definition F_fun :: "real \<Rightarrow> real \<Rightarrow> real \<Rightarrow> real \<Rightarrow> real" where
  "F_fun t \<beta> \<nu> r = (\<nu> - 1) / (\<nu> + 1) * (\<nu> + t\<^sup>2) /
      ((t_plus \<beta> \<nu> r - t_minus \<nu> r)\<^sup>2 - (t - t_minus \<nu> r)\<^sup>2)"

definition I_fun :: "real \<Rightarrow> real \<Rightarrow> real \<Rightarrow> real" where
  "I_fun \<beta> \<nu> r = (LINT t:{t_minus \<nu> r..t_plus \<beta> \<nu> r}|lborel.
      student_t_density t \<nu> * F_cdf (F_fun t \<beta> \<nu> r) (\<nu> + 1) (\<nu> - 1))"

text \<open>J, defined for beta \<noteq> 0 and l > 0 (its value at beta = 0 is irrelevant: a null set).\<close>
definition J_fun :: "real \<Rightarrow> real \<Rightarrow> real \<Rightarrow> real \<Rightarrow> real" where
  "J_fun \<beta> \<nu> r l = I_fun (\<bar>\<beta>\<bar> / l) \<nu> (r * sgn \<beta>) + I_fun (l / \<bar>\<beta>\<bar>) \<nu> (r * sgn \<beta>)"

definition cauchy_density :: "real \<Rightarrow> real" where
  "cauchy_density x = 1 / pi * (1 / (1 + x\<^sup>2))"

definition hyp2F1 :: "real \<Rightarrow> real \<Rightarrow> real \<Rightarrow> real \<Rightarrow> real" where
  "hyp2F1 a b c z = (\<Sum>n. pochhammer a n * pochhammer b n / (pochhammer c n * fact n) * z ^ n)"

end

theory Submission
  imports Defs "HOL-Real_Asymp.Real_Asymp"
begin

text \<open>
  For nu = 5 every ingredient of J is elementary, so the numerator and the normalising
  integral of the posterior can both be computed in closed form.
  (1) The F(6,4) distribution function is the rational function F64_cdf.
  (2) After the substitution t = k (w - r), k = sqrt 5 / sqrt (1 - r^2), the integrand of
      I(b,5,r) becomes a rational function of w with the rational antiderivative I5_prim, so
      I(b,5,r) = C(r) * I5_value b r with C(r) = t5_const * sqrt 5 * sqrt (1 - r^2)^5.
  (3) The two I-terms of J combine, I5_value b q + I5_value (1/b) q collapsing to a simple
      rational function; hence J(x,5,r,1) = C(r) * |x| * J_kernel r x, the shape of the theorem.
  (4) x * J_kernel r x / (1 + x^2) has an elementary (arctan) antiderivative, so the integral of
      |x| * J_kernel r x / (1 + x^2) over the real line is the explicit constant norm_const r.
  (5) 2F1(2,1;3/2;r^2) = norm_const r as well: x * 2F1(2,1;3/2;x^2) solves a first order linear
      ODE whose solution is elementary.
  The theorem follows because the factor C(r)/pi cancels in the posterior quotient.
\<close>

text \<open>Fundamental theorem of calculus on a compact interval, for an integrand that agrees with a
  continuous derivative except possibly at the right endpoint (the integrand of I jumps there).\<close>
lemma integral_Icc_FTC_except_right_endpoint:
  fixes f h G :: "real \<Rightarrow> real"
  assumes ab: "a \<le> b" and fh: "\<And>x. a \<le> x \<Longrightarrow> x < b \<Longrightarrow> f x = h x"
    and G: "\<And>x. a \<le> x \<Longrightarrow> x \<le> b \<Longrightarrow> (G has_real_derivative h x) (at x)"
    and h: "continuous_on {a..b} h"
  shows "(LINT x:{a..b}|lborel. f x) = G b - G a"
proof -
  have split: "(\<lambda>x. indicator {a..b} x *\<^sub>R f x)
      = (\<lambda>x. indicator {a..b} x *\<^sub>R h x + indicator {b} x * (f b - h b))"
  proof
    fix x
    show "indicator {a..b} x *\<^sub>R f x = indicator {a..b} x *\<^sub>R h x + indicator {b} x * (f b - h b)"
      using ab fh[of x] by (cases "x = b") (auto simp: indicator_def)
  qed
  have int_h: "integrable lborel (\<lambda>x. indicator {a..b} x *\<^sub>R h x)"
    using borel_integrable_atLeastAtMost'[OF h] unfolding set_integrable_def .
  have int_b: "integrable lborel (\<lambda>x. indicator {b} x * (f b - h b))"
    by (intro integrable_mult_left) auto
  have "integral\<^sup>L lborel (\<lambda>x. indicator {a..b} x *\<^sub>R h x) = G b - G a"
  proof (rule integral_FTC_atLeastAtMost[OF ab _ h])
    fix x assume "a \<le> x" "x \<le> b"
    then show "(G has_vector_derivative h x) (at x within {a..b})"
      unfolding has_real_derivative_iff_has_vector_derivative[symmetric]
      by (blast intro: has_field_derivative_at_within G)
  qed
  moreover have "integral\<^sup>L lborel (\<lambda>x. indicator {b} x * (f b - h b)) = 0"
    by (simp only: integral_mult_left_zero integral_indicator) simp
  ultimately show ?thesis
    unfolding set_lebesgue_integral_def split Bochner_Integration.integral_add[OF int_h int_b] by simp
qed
_ _ _ _ _ _ _
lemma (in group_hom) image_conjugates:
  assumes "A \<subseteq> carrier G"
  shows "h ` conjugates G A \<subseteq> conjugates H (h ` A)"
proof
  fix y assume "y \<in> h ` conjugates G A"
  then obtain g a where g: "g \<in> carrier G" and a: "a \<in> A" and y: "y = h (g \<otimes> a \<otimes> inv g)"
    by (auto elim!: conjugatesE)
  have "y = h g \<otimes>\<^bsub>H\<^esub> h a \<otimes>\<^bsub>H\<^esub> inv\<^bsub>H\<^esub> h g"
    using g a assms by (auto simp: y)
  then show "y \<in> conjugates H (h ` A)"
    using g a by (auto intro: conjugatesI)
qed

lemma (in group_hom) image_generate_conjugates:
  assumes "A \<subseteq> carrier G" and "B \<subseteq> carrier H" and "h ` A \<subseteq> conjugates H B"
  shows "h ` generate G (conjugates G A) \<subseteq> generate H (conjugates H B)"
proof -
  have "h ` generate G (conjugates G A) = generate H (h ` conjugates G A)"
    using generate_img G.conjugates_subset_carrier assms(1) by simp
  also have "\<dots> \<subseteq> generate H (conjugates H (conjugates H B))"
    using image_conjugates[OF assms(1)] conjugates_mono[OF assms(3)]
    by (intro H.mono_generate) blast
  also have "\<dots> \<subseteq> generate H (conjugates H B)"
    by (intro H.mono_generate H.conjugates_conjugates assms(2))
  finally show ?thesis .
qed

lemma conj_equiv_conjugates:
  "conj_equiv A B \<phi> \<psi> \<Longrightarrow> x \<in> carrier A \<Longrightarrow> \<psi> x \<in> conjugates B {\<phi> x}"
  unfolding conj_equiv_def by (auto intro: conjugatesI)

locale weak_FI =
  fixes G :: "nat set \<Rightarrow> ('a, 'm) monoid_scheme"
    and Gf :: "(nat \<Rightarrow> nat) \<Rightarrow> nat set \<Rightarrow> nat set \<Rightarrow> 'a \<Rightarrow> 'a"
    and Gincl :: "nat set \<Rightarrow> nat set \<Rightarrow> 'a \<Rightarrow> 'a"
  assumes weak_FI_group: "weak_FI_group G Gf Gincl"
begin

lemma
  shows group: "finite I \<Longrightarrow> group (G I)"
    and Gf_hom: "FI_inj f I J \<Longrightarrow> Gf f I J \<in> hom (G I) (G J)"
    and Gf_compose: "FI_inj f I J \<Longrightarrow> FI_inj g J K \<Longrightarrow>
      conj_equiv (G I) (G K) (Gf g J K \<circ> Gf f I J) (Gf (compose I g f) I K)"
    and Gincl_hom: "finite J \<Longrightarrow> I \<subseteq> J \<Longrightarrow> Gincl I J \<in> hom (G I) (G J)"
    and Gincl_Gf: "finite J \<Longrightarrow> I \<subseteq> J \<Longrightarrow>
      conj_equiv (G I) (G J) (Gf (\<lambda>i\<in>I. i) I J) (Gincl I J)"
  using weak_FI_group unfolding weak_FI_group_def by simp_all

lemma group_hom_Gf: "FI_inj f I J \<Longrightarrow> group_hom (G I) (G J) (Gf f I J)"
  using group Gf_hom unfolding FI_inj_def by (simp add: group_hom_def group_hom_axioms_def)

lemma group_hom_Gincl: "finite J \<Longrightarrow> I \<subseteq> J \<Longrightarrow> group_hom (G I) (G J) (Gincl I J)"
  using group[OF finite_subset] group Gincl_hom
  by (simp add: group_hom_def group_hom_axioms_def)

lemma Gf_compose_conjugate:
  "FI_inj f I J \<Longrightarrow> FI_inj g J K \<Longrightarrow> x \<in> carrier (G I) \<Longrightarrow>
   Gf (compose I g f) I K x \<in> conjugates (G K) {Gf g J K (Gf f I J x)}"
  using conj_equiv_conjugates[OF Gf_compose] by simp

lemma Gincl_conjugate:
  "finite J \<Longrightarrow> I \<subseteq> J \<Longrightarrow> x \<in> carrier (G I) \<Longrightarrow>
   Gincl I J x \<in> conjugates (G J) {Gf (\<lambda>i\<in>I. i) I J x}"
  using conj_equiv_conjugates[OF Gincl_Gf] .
_ _ _ _ _ _ _
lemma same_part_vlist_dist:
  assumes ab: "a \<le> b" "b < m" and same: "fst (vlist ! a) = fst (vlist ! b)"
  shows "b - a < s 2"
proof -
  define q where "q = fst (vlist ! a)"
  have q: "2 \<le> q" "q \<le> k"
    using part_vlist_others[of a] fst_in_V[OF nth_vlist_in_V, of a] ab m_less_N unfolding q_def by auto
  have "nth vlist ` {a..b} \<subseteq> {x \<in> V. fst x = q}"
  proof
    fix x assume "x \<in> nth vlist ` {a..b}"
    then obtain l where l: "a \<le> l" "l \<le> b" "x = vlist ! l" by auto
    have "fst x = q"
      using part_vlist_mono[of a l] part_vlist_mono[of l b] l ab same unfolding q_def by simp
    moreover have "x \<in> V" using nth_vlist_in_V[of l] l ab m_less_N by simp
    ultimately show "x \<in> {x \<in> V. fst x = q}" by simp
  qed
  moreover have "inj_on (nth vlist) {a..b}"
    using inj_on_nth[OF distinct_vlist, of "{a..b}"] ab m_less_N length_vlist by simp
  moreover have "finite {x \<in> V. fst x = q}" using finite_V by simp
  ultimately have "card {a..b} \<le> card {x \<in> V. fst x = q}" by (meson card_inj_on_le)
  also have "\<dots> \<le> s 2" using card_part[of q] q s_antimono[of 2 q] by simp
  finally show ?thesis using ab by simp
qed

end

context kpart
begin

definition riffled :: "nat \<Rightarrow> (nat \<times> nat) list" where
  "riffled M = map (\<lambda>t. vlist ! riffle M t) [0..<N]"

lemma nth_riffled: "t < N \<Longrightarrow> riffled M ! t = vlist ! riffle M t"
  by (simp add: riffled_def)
_ _ _ _ _ _ _
**YOUR TASK**
Review the preceding data and report every line that includes the string "dots".

**SOLUTION TO THIS TASK**
  also have "\<dots> \<subseteq> generate H (conjugates H (conjugates H B))"
  also have "\<dots> \<subseteq> generate H (conjugates H B)"
  also have "\<dots> \<le> s 2" using card_part[of q] q s_antimono[of 2 q] by simp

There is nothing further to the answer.